[[ Exercise material, beginning ]]

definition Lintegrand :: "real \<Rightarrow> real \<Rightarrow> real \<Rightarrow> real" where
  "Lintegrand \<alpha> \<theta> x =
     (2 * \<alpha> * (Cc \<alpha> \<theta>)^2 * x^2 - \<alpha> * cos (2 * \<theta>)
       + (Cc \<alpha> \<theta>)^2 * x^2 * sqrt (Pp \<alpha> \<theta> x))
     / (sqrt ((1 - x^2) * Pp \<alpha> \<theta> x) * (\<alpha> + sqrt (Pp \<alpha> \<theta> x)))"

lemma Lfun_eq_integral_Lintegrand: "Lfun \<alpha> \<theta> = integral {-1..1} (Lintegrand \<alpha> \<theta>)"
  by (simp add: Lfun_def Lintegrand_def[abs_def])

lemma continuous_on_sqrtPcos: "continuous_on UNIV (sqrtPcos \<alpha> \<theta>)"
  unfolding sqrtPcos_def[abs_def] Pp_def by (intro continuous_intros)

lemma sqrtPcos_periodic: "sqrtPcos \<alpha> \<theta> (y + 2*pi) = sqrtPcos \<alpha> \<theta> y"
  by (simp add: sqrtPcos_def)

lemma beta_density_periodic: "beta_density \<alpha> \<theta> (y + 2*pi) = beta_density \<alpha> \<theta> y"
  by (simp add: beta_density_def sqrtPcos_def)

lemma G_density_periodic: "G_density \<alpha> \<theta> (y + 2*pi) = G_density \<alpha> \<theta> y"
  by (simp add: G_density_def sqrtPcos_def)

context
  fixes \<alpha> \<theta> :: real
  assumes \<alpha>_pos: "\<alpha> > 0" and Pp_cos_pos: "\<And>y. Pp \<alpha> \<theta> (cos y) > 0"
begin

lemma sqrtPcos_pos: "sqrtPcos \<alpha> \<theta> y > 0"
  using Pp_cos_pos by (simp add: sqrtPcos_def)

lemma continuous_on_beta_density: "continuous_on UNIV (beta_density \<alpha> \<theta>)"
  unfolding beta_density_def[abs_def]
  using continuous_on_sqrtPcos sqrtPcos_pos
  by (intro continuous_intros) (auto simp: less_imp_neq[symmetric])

[[ Exercise material, end ]]
[[ Exercise material, beginning ]]

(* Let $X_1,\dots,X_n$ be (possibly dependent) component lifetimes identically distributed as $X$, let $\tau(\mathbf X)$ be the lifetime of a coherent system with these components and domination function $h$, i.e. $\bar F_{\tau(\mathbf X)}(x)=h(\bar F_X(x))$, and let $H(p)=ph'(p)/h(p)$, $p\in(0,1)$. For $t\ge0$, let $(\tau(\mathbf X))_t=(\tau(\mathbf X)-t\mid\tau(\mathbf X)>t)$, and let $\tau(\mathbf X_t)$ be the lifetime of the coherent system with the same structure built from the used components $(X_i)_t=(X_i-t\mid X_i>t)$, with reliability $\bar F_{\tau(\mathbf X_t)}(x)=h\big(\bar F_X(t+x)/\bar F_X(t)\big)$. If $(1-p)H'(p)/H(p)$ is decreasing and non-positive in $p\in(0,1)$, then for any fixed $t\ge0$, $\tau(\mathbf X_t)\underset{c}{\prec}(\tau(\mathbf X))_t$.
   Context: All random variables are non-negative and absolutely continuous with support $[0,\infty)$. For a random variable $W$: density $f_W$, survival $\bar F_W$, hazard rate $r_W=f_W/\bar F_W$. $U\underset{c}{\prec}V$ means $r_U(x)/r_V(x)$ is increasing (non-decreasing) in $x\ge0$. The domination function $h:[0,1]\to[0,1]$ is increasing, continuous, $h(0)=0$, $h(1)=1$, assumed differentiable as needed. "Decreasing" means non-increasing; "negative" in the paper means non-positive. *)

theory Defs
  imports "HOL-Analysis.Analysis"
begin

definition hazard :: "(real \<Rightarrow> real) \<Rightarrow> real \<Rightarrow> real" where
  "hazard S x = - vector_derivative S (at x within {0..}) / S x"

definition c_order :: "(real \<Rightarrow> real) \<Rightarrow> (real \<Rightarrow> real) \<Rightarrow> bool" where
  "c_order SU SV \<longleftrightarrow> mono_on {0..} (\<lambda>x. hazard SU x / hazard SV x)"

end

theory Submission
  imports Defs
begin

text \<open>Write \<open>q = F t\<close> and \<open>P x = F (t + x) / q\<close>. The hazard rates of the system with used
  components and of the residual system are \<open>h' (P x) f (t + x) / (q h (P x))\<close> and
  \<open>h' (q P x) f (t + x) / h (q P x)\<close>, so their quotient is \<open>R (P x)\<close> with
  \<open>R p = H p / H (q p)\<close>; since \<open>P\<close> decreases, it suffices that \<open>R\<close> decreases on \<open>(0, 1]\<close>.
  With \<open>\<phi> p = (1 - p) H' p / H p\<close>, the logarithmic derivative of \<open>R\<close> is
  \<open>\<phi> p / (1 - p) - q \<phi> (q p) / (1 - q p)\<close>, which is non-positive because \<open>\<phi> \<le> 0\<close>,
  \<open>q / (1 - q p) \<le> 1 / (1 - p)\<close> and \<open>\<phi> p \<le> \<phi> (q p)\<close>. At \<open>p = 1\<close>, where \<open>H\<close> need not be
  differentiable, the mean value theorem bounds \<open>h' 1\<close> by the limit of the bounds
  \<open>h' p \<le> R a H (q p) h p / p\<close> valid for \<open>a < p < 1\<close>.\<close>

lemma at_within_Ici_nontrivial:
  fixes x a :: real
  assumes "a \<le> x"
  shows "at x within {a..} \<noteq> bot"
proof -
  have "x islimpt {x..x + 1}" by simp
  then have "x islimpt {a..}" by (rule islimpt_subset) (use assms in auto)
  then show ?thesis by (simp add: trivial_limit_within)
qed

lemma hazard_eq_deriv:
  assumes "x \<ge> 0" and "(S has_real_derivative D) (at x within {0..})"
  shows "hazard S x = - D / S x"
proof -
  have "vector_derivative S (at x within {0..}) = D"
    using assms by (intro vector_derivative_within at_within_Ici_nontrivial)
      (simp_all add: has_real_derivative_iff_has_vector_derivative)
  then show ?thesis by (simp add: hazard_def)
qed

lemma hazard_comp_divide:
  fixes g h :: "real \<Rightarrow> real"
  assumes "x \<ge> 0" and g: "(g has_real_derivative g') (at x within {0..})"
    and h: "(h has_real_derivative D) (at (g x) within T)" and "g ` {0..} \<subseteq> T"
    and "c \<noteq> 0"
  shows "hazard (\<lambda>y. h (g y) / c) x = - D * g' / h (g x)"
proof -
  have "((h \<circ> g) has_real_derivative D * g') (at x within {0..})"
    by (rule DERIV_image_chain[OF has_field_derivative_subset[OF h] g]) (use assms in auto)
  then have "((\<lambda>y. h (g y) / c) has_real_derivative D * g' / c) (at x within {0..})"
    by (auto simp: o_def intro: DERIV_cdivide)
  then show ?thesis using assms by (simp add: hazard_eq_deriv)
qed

[[ Exercise material, end ]]

▸ Problem description
When a line in the listing above holds "have", include it in the tally; report only the tally.

▸ The answer
5